First and foremost I'm so so thankful I have people I can call my best friends. I know they will be my true BFF's, and that last will truly mean FOREVER!!! Sara and Sarah and Alicia I'm so lucky to have you all in my life!!! I'm also lucky to have a handful of other people who are great friends. It's so nice to have people in your life that you may not see or talk to as often as you like, but when you do reconnect you pick back up right where you left off. It's a great feeling. I'm also so very thankful that the boyfreindy is also one of my best friends.

What sucks about my current friendships is that I have ZERO girlfriends in the city I'm currently living. My co workers are great, and I enjoy chatting with another co-workers wife, but these friendships aren't the same. We are work friends, and I need outside of work friends. Again, I'm super thankful that I can count the boyfriendy as a friend, but I NEED my girls! It's rough not having them in the same town. I miss being able to hop in my car and be at Webby's in 10 mins. or the late night trips to Steak and Shake with Silly. I'll never in my life be too old for slumber parties with these girls, but it's hard when they are 2 and 4 hours away.

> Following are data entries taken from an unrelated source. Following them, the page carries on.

lemma A_set_level_set:
  assumes f: "f \<in> zspan S" and M: "M \<subseteq> carrier G"
    and level: "\<And>z. z \<in> carrier G \<Longrightarrow> z \<in> M \<longleftrightarrow> P (f z)"
  shows "A_set G S M"
  unfolding A_set_iff
proof (intro conjI ballI)
  fix A assume A: "A \<in> S"
  then have "P (f x) \<longleftrightarrow> P (f y)" if "x \<in> A" "y \<in> A" for x y
    using f that unfolding zspan_iff by metis
  then have "x \<in> M \<longleftrightarrow> y \<in> M" if "x \<in> A" "y \<in> A" for x y
    using that level basic_set_subset[OF A] by blast
  then show "A \<subseteq> M \<or> A \<inter> M = {}"
    by blast
qed (rule M)

lemma A_set_inv_image:
  assumes "A_set G S Y"
  shows "A_set G S ((\<lambda>x. inv x) ` Y)"
  unfolding A_set_iff
proof (intro conjI ballI)
  have Y: "Y \<subseteq> carrier G" and split: "\<forall>A\<in>S. A \<subseteq> Y \<or> A \<inter> Y = {}"
    using assms unfolding A_set_iff by auto
  then show "(\<lambda>x. inv x) ` Y \<subseteq> carrier G"
    by auto
  fix A assume A: "A \<in> S"
  have mem: "x \<in> (\<lambda>x. inv x) ` Y \<longleftrightarrow> inv x \<in> Y" if "x \<in> A" for x
  proof
    assume "x \<in> (\<lambda>x. inv x) ` Y"
    then show "inv x \<in> Y"
      using Y by auto
  next
    assume "inv x \<in> Y"
    moreover have "x = inv (inv x)"
      using that basic_set_subset[OF A] by auto
    ultimately show "x \<in> (\<lambda>x. inv x) ` Y"
      by (rule rev_image_eqI)
  qed
  have "(\<lambda>x. inv x) ` A \<subseteq> Y \<or> (\<lambda>x. inv x) ` A \<inter> Y = {}"
    using split basic_set_inv[OF A] by simp
  then show "A \<subseteq> (\<lambda>x. inv x) ` Y \<or> A \<inter> (\<lambda>x. inv x) ` Y = {}"
    using mem by (auto simp: image_subset_iff disjoint_iff)
qed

I also don't understand why it's so much harder to make friends as an adult. I enjoy meeting new people, I think I'm pretty friendly, but man it's rough! Being in a new city with no girlfriends sucks. I don't recommend it! That's why I'm so glad I can talk to the boyfriendy about anything, and I can be my same silly self around him that I would be with my girlfriends, and he loves me, and laughs at my sillyness/randomness.

Friendships, especially when you are far away, and at different stages in life, take work. I fully get that. I make the effort to keep in touch with people, I feel like I really do, at least I try. When the other person doesn't seem to try it sucks. It hurts. I'm an emotional girl, and when people don't put the same effort into the friendship that I do, it makes me sad. (Just for the record Webby and Silly are NOT who I'm talking about here, they are great about making equal effort in our relationships). I don't like endings, or goodbyes, so when I feel friendships fizzling it's hard on me. I wonder do I keep making efforts, and continue getting my feelings hurt, or do I move on and close that chapter in my life, and smile at the memories made with said friend. Both are hard.

I love love love that I have amazing friendships, and great people in my life, but at the same time I'm sad because I feel other friendships ending, and have no local besties.

Okay--- there is no real point to this I guess. I can't sum things up in some nice little way. Just more Tara rambles :)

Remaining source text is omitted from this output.